Goal of the exercise
Pull each line holding "moreover" out of the entries below.

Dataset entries
Content starts

lemma phi11_scaled_power_sums:
  assumes q: "0 < q" "q < 1"
  shows "(\<lambda>k. phi11_coeff a t q k * (complex_of_real q ^ n * x) ^ k
            * qpoch_inf (b * x * complex_of_real q ^ (k + n)) q)
           sums phi11_scaled a b t q (complex_of_real q ^ n * x)"
proof -
  have bound: "norm (qpoch_inf (b * x * complex_of_real q ^ j) q) \<le> exp (norm b * norm x / (1 - q))" for j
    using q by (intro norm_qpoch_inf_le) (simp_all add: norm_mult norm_power mult_left_le power_le_one)
  have "b * (complex_of_real q ^ n * x) * complex_of_real q ^ k = b * x * complex_of_real q ^ (k + n)" for k
    by (simp add: power_add mult_ac)
  then show ?thesis
    unfolding phi11_scaled_series
    by (simp only:) (rule summable_sums summable_phi11_coeff_bounded[OF q] bound)+
qed

lemma phi11_scaled_contiguous:
  assumes q: "0 < q" "q < 1" and zb: "z * b = 1 + z * t"
  shows "z * phi11_scaled a b t q x + (x - z) * phi11_scaled a b t q (complex_of_real q * x)
         + z * t * x * (a - b * complex_of_real q * x)
           * phi11_scaled a b t q (complex_of_real q * complex_of_real q * x) = 0"
proof -
  define Q where "Q = complex_of_real q"
  define s where "s = z * t"
  define d where "d = phi11_coeff a t q"
  define P where "P k = qpoch_inf (b * x * Q ^ k) q" for k
  have P_Suc: "P k = (1 - b * x * Q ^ k) * P (Suc k)" for k
    unfolding P_def using qpoch_inf_Suc[OF q, of "b * x * Q ^ k"] by (simp add: Q_def mult_ac)
  have series: "(\<lambda>k. d k * (Q ^ n * x) ^ k * P (k + n)) sums phi11_scaled a b t q (Q ^ n * x)" for n
    unfolding d_def P_def Q_def by (rule phi11_scaled_power_sums[OF q])
  define T where "T k = z * (d k * x ^ k * P k) + (x - z) * (d k * (Q * x) ^ k * P (Suc k))
      + s * x * (a - b * Q * x) * (d k * (Q * Q * x) ^ k * P (Suc (Suc k)))" for k
  have T_sums: "T sums (z * phi11_scaled a b t q x + (x - z) * phi11_scaled a b t q (Q * x)
      + s * x * (a - b * Q * x) * phi11_scaled a b t q (Q * Q * x))"
    using series[of 0] series[of 1] series[of 2] unfolding T_def
    by (intro sums_add sums_mult) (simp_all add: power2_eq_square)
  \<comment> \<open>termwise, the relation is a telescoping difference\<close>
  define G where "G k = z * (1 - Q ^ k) * d k * x ^ k * P (Suc k)" for k
  have G_Suc: "G (Suc k) = s * Q ^ k * (1 - a * Q ^ k) * d k * x ^ Suc k * P (Suc (Suc k))" for k
  proof -
    have "z * (1 - Q ^ Suc k) * d (Suc k) = s * Q ^ k * (1 - a * Q ^ k) * d k"
      unfolding d_def phi11_coeff_Suc[OF q] Q_def s_def
      using one_minus_power_nonzero[OF q, of "Suc k"] by (simp add: field_simps)
    then show ?thesis
      unfolding G_def by (metis mult.assoc)
  qed
  have T_telescope: "T k = G k - G (Suc k)" for k
  proof -
    have s: "s = z * b - 1"
      using zb unfolding s_def by simp
    have P_k: "P k = (1 - b * x * Q ^ k) * ((1 - b * x * Q ^ Suc k) * P (Suc (Suc k)))"
      using P_Suc[of k] P_Suc[of "Suc k"] by simp
    show ?thesis
      unfolding T_def G_Suc G_def[of k] P_k P_Suc[of "Suc k"] s
      by (simp add: power_mult_distrib algebra_simps)
  qed
  have "G \<longlonglongrightarrow> 0"
  proof -
    define E where "E = exp (norm b * norm x / (1 - q))"
    have "norm (z * (1 - Q ^ k) * P (Suc k)) \<le> norm z * 2 * E" for k
    proof -
      have "norm (1 - Q ^ k) \<le> 1 + q ^ k"
        using norm_triangle_ineq4[of 1 "Q ^ k"] q by (simp add: Q_def norm_power)
      moreover have "q ^ k \<le> 1"
        using q by (simp add: power_le_one)
      ultimately have "norm (1 - Q ^ k) \<le> 2"
        by linarith
      moreover have "norm (P j) \<le> E" for j
        unfolding P_def E_def Q_def using q
        by (intro norm_qpoch_inf_le) (simp_all add: norm_mult norm_power mult_left_le power_le_one)
      ultimately show ?thesis
        using norm_ge_zero[of z] by (simp add: norm_mult mult_mono mult.assoc)
    qed
    then have "(\<lambda>k. d k * x ^ k * (z * (1 - Q ^ k) * P (Suc k))) \<longlonglongrightarrow> 0"
      unfolding d_def by (intro summable_LIMSEQ_zero summable_phi11_coeff_bounded[OF q])
    then show ?thesis
      unfolding G_def by (simp add: ac_simps)
  qed
  then have "(\<lambda>k. G k - G (Suc k)) sums (G 0 - 0)"
    by (rule telescope_sums')
  then have "T sums 0"
    unfolding T_telescope[symmetric] by (simp add: G_def)
  with T_sums show ?thesis
    unfolding Q_def s_def using sums_unique2 by blast
qed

Content ends

Solution to this problem
      moreover have "q ^ k \<le> 1"
      moreover have "norm (P j) \<le> E" for j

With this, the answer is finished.